When Nigel started his career as a solicitor around the magistrates’ courts of East Devon in 1971, I was an eager young reporter spending hours in draughty court rooms. We have been chums ever since.
But now Nigel, senior partner at Beviss & Beckingsale, has decided to exit the legal profession which has changed greatly over the past 40 years. Me? Well retirement holds no attractions at the moment (although I am a little envious) and we will have to wait a bit longer before we get the chance to while away the hours, putting the world to rights and reminiscing over the good old days in Axminster over a beer or two.
Not that Nigel intends to put on his slippers and put his feet up. After an appropriate time for reflection, and the chance to see more of his grandchildren, he will be using that huge experience of life gained in building one of the area’s most successful legal firms over four decades to good use. I have no doubt about that.
As well as being a friend, Nigel has also looked after my legal affairs over the years, both personal and for the various businesses I have been associated with. In newspapers we very often run close to the wind so a good brief is pretty essential.
There have been good and bad times and Nigel’s wise counsel has been hugely influential in my life. One factor has remained constant through the periods of elation and desperation - Nigel’s kindness.
Sat in the magnificent meeting room at Beviss & Beckingsale this week, we recalled many of those occasions and I departed feeling that Axminster would not be quite the same without seeing Nigel’s office lights burning bright late into the night.
During the late 1990s and early 2000s when I was trying to revive Pulman’s Weekly News and burning the midnight oil several nights a week, invariably Nigel was still at his desk, piled high with files, when I went home.
There are many in and around Axminster who have benefited fom Nigel’s kindness and sound advice over the years and it goes without saying that he will be greatly missed, not least by his colleagues in Silver Street and the other B & B offices, but also by all his clients.
For the time being, however, our plans to drink beer and chew the fat will have to be put on hold, a pleasure deferred but definitely not forgotten.
Honiton ‘Babes’ pull out the stops
HATS off to Honiton Pantomime Society for their production of “Babes In The Wood” this week.
Honiton was where I started my journalistic career so I have a special affection for the town. But I have never covered one of their stage shows before so Thursday’s visit to Honiton Community College was a first. I was not disappointed.
I sat in a row with four kids and they had a brilliant time - laughing their socks off throughout. That’s always a good sign.
Now in their 26th year, the Honiton societyseems to be going from strength to strength. With over 40 in the cast, they coped marvellously well with the restrictions of the Honiton College stage and produced a show that had all the ingredients of a successful traditional pantomime - lots of singing and dancing, brilliant costumes and loads of corny jokes. The audience also did them proud, rarely missing a boo or hiss.

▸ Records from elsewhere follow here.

(* Let $R$ be a division ring and let $\{I_{a,b}\}_{a,b\in\mathbb{Z}_{\geq 0}}\subseteq R$ be a family of bimoments such that for every $n\geq 1$ the $n\times n$ matrix $M_n$ with entries $(M_n)_{r,s}=I_{n-r,\,s-1}$ ($1\le r,s\le n$) is invertible. Define $p_0=1$, $q_0=1$, and for $n\geq 1$ $$p_n(x)=x^n-\begin{bmatrix} I_{n,0} & \cdots & I_{n,n-1}\end{bmatrix} M_n^{-1}\begin{bmatrix} x^{n-1}\\ \vdots \\ x\\ 1\end{bmatrix},$$ $$q_n(y)=y^n-\begin{bmatrix} 1 & y & \cdots & y^{n-1}\end{bmatrix} M_n^{-1}\begin{bmatrix} I_{n-1,n}\\ \vdots\\ I_{0,n}\end{bmatrix}.$$ These are the quasideterminants $$p_n=\begin{vmatrix} I_{n,0} & \cdots & I_{n,n-1} & \boxed{x^{n}} \\ \vdots & \ddots & \vdots & \vdots \\ I_{1,0} & \cdots & I_{1,n-1} & x \\ I_{0,0} & \cdots & I_{0,n-1} & 1 \end{vmatrix},\qquad q_n=\begin{vmatrix} 1 & y & \cdots & \boxed{y^{n}} \\ I_{n-1,0} & I_{n-1,1} & \cdots & I_{n-1,n} \\ \vdots & \vdots & \ddots & \vdots \\ I_{0,0} & I_{0,1} & \cdots & I_{0,n} \end{vmatrix}.$$ Then $\{p_n\},\{q_n\}$ is a monic biorthogonal system with respect to $\{I_{a,b}\}$, i.e. $\langle p_n(x),q_m(y)\rangle=0$ for all $n\neq m$.
   Context: Let $C$ be the center of $R$. Elements of $R[x]$ are written $\sum_i a_i x^i$ and elements of $R[y]$ are written $\sum_j y^j b_j$ with $a_i,b_j\in R$; $x$ and $y$ commute with elements of $C$. Given a family $\{I_{a,b}\}$ in $R$ (the bimoments), the pairing $\langle\cdot,\cdot\rangle:R[x]\times R[y]\to R$ is defined by $\langle \sum_i a_i x^i,\sum_j y^j b_j\rangle=\sum_{i,j} a_i I_{i,j} b_j$, so that $I_{a,b}=\langle x^a,y^b\rangle$. For a square matrix $A=(a_{k,l})$ of size $n+1$, the $(i,j)$-quasideterminant is $|A|_{i,j}=a_{i,j}-r_i\,(A^{i,j})^{-1}c_j$, where $A^{i,j}$ is $A$ with row $i$ and column $j$ removed (assumed invertible), $r_i$ is row $i$ of $A$ with the $j$th entry removed, and $c_j$ is column $j$ of $A$ with the $i$th entry removed; the boxed entry marks the position $(i,j)$. *)

theory Defs
  imports Main
begin

text \<open>Square matrices of size n over a (possibly noncommutative) ring, represented
  as functions nat \<Rightarrow> nat \<Rightarrow> 'a with indices 0..n-1.\<close>

definition matmul :: "nat \<Rightarrow> (nat \<Rightarrow> nat \<Rightarrow> 'a::ring_1) \<Rightarrow> (nat \<Rightarrow> nat \<Rightarrow> 'a) \<Rightarrow> nat \<Rightarrow> nat \<Rightarrow> 'a" where
  "matmul n A B r s = (\<Sum>k<n. A r k * B k s)"

definition is_inverse :: "nat \<Rightarrow> (nat \<Rightarrow> nat \<Rightarrow> 'a::ring_1) \<Rightarrow> (nat \<Rightarrow> nat \<Rightarrow> 'a) \<Rightarrow> bool" where
  "is_inverse n A B \<longleftrightarrow> (\<forall>r<n. \<forall>s<n.
      matmul n A B r s = (if r = s then 1 else 0) \<and> matmul n B A r s = (if r = s then 1 else 0))"

definition mat_invertible :: "nat \<Rightarrow> (nat \<Rightarrow> nat \<Rightarrow> 'a::ring_1) \<Rightarrow> bool" where
  "mat_invertible n A \<longleftrightarrow> (\<exists>B. is_inverse n A B)"

definition mat_inv :: "nat \<Rightarrow> (nat \<Rightarrow> nat \<Rightarrow> 'a::ring_1) \<Rightarrow> nat \<Rightarrow> nat \<Rightarrow> 'a" where
  "mat_inv n A = (SOME B. is_inverse n A B)"

text \<open>The moment matrix M_n, 0-based: (M_n)_{r,s} = I_{n-1-r, s} for r,s < n
  (i.e. the paper's (M_n)_{r',s'} = I_{n-r', s'-1} with r' = r+1, s' = s+1).\<close>

definition moment_mat :: "(nat \<Rightarrow> nat \<Rightarrow> 'a) \<Rightarrow> nat \<Rightarrow> nat \<Rightarrow> nat \<Rightarrow> 'a" where
  "moment_mat I n r s = I (n - 1 - r) s"

text \<open>Polynomials in R[x] (left coefficients, sum a_i x^i) and R[y] (right coefficients,
  sum y^j b_j) are represented by their coefficient functions nat \<Rightarrow> 'a.\<close>

definition pairing :: "(nat \<Rightarrow> nat \<Rightarrow> 'a::ring_1) \<Rightarrow> (nat \<Rightarrow> 'a) \<Rightarrow> (nat \<Rightarrow> 'a) \<Rightarrow> 'a" where
  "pairing I a b = (\<Sum>i\<in>{i. a i \<noteq> 0}. \<Sum>j\<in>{j. b j \<noteq> 0}. a i * I i j * b j)"

text \<open>p_n(x) = x^n - [I_{n,0} .. I_{n,n-1}] M_n^{-1} [x^{n-1}, ..., x, 1]^T;
  the coefficient of x^k (k<n) is - sum_r I_{n,r} (M_n^{-1})_{r, n-1-k}.
  For n = 0 this gives p_0 = 1.\<close>

definition p_poly :: "(nat \<Rightarrow> nat \<Rightarrow> 'a::division_ring) \<Rightarrow> nat \<Rightarrow> nat \<Rightarrow> 'a" where
  "p_poly I n k = (if k = n then 1
      else if k < n then - (\<Sum>r<n. I n r * mat_inv n (moment_mat I n) r (n - 1 - k))
      else 0)"

text \<open>q_n(y) = y^n - [1, y, ..., y^{n-1}] M_n^{-1} [I_{n-1,n}, ..., I_{0,n}]^T;
  the (right) coefficient of y^k (k<n) is - sum_s (M_n^{-1})_{k,s} I_{n-1-s,n}.
  For n = 0 this gives q_0 = 1.\<close>

definition q_poly :: "(nat \<Rightarrow> nat \<Rightarrow> 'a::division_ring) \<Rightarrow> nat \<Rightarrow> nat \<Rightarrow> 'a" where
  "q_poly I n k = (if k = n then 1
      else if k < n then - (\<Sum>s<n. mat_inv n (moment_mat I n) k s * I (n - 1 - s) n)
      else 0)"

end

theory Submission
  imports Defs
begin

text \<open>Below its leading term, the coefficient row of p_n is -[I_{n,0} .. I_{n,n-1}] M_n^{-1}
  read in reverse order, while the rows of M_n are the moments of x^{n-1}, .., 1. Hence
  <p_n, y^j> = I_{n,j} - [I_{n,0} .. I_{n,n-1}] M_n^{-1} M_n e_j = 0 for j < n, and symmetrically
  <x^i, q_m> = 0 for i < m. For n \<noteq> m, expanding <p_n, q_m> along the polynomial of smaller
  degree leaves only such terms.\<close>

lemma pairing_eq_sum_atMost:
  fixes I :: "nat \<Rightarrow> nat \<Rightarrow> 'a::ring_1"
  assumes a: "\<And>i. i > N \<Longrightarrow> a i = 0" and b: "\<And>j. j > M \<Longrightarrow> b j = 0"
  shows "pairing I a b = (\<Sum>i\<le>N. \<Sum>j\<le>M. a i * I i j * b j)"
proof -
  have supp_a: "{i. a i \<noteq> 0} \<subseteq> {..N}" and supp_b: "{j. b j \<noteq> 0} \<subseteq> {..M}"
    using a b by (auto simp: not_less[symmetric])
  have "pairing I a b = (\<Sum>i\<in>{i. a i \<noteq> 0}. \<Sum>j\<le>M. a i * I i j * b j)"
    unfolding pairing_def
    by (intro sum.cong refl sum.mono_neutral_left) (use supp_b in auto)
  also have "\<dots> = (\<Sum>i\<le>N. \<Sum>j\<le>M. a i * I i j * b j)"
    by (rule sum.mono_neutral_left) (use supp_a in auto)
  finally show ?thesis .
qed

lemma is_inverse_mat_inv:
  assumes "mat_invertible n A"
  shows "is_inverse n A (mat_inv n A)"
  using assms unfolding mat_invertible_def mat_inv_def by (rule someI_ex)

lemma matmul_mat_inv_left:
  assumes "mat_invertible n A" "r < n" "s < n"
  shows "matmul n (mat_inv n A) A r s = (if r = s then 1 else 0)"
  using is_inverse_mat_inv[OF assms(1)] assms(2,3) unfolding is_inverse_def by blast

lemma matmul_mat_inv_right:
  assumes "mat_invertible n A" "r < n" "s < n"
  shows "matmul n A (mat_inv n A) r s = (if r = s then 1 else 0)"
  using is_inverse_mat_inv[OF assms(1)] assms(2,3) unfolding is_inverse_def by blast

lemma p_poly_eq_0: "k > n \<Longrightarrow> p_poly I n k = 0"
  by (simp add: p_poly_def)

lemma q_poly_eq_0: "k > n \<Longrightarrow> q_poly I n k = 0"
  by (simp add: q_poly_def)

lemma p_poly_moment_eq_0:
  fixes I :: "nat \<Rightarrow> nat \<Rightarrow> 'a::division_ring"
  assumes inv: "mat_invertible n (moment_mat I n)" and j: "j < n"
  shows "(\<Sum>i\<le>n. p_poly I n i * I i j) = 0"
proof -
  define B where "B = mat_inv n (moment_mat I n)"
  have B_times_M: "(\<Sum>i<n. B r (n - 1 - i) * I i j) = (if r = j then 1 else 0)"
    if r: "r < n" for r
  proof -
    have "(\<Sum>i<n. B r (n - 1 - i) * I i j) = (\<Sum>t<n. B r t * I (n - 1 - t) j)"
      by (rule sum.reindex_bij_witness[where i = "\<lambda>t. n - 1 - t" and j = "\<lambda>i. n - 1 - i"])
        auto
    also have "\<dots> = matmul n B (moment_mat I n) r j"
      by (simp add: matmul_def moment_mat_def)
    finally show ?thesis
      using matmul_mat_inv_left[OF inv r j] by (simp add: B_def)
  qed
  have "(\<Sum>i<n. p_poly I n i * I i j) = - (\<Sum>i<n. \<Sum>r<n. I n r * (B r (n - 1 - i) * I i j))"
    by (simp add: p_poly_def B_def sum_distrib_right mult.assoc sum_negf)
  also have "\<dots> = - (\<Sum>r<n. I n r * (\<Sum>i<n. B r (n - 1 - i) * I i j))"
    by (subst sum.swap) (simp add: sum_distrib_left)
  also have "\<dots> = - (\<Sum>r<n. if r = j then I n r else 0)"
    by (intro arg_cong[where f = uminus] sum.cong refl) (subst B_times_M, auto)
  also have "\<dots> = - I n j"
    using j by (simp add: sum.delta)
  finally show ?thesis
    by (simp add: lessThan_Suc_atMost[symmetric] p_poly_def)
qed

lemma q_poly_moment_eq_0:
  fixes I :: "nat \<Rightarrow> nat \<Rightarrow> 'a::division_ring"
  assumes inv: "mat_invertible m (moment_mat I m)" and i: "i < m"
  shows "(\<Sum>k\<le>m. I i k * q_poly I m k) = 0"
proof -
  define B where "B = mat_inv m (moment_mat I m)"
  have M_times_B: "(\<Sum>k<m. I i k * B k s) = (if s = m - 1 - i then 1 else 0)"
    if s: "s < m" for s
  proof -
    have "(\<Sum>k<m. I i k * B k s) = matmul m (moment_mat I m) B (m - 1 - i) s"
      using i by (simp add: matmul_def moment_mat_def)
    then show ?thesis
      using matmul_mat_inv_right[OF inv _ s, of "m - 1 - i"] i by (auto simp: B_def)
  qed
  have "(\<Sum>k<m. I i k * q_poly I m k) = - (\<Sum>k<m. \<Sum>s<m. I i k * B k s * I (m - 1 - s) m)"
    by (simp add: q_poly_def B_def sum_distrib_left mult.assoc sum_negf)
  also have "\<dots> = - (\<Sum>s<m. (\<Sum>k<m. I i k * B k s) * I (m - 1 - s) m)"
    by (subst sum.swap) (simp add: sum_distrib_right)
  also have "\<dots> = - (\<Sum>s<m. if s = m - 1 - i then I (m - 1 - s) m else 0)"
    by (intro arg_cong[where f = uminus] sum.cong refl) (subst M_times_B, auto)
  also have "\<dots> = - I i m"
    using i by (simp add: sum.delta)
  finally show ?thesis
    by (simp add: lessThan_Suc_atMost[symmetric] q_poly_def)
qed

theorem mainTheorem1:
  fixes I :: "nat \<Rightarrow> nat \<Rightarrow> 'a::division_ring"
  assumes "\<And>n. n \<ge> 1 \<Longrightarrow> mat_invertible n (moment_mat I n)"
  shows "\<forall>n m. n \<noteq> m \<longrightarrow> pairing I (p_poly I n) (q_poly I m) = 0"
proof (intro allI impI)
  fix n m :: nat assume "n \<noteq> m"
  have "pairing I (p_poly I n) (q_poly I m)
      = (\<Sum>i\<le>n. \<Sum>j\<le>m. p_poly I n i * I i j * q_poly I m j)"
    by (rule pairing_eq_sum_atMost) (auto simp: p_poly_eq_0 q_poly_eq_0)
  also have "\<dots> = 0"
  proof (cases "m < n")
    case True
    have "(\<Sum>i\<le>n. \<Sum>j\<le>m. p_poly I n i * I i j * q_poly I m j)
        = (\<Sum>j\<le>m. (\<Sum>i\<le>n. p_poly I n i * I i j) * q_poly I m j)"
      by (subst sum.swap) (simp add: sum_distrib_right)
    then show ?thesis
      using p_poly_moment_eq_0[OF assms] True by simp
  next
    case False
    with \<open>n \<noteq> m\<close> have "n < m" by simp
    have "(\<Sum>i\<le>n. \<Sum>j\<le>m. p_poly I n i * I i j * q_poly I m j)
        = (\<Sum>i\<le>n. p_poly I n i * (\<Sum>j\<le>m. I i j * q_poly I m j))"
      by (simp add: sum_distrib_left mult.assoc)
    then show ?thesis
      using q_poly_moment_eq_0[OF assms] \<open>n < m\<close> by simp
  qed
  finally show "pairing I (p_poly I n) (q_poly I m) = 0" .
qed

end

And a special word of praise for Barry Simmonds who stepped into the shoes of Honiton’s “Dame Extraordinaire”, the wonderful Max Pipe, in playing the role of “Nurse Jemima Jollop”. Not an easy task but he did it with all the excesses expected of a man mature of years dressed in outlandish wigs and caked with make-up.
The panto season is drawing to a close (we’ve covered three others this week) but I hope to return to Honiton for their “End of The Pier” show in August.
WITH miserable January out of the way and spring approaching fast, thoughts are turning in all communities throughout East Devon to one summer event we can all look forward to - celebrating the Queen’s Diamond Jubilee.
Most towns and villages in Weekender country are well advanced in planning their celebrations and if you want the widest possible publicity please make sure you let us know what you are up to.
I attended last week’s meeting of the Axminster steering committee, set up by the town council, at which there was great enthusiasm for their expanding programme of events.
With all the gloom and doom over the grim financial situation that dominates the news agenda at present, having another good old royal knees-up will do us all good.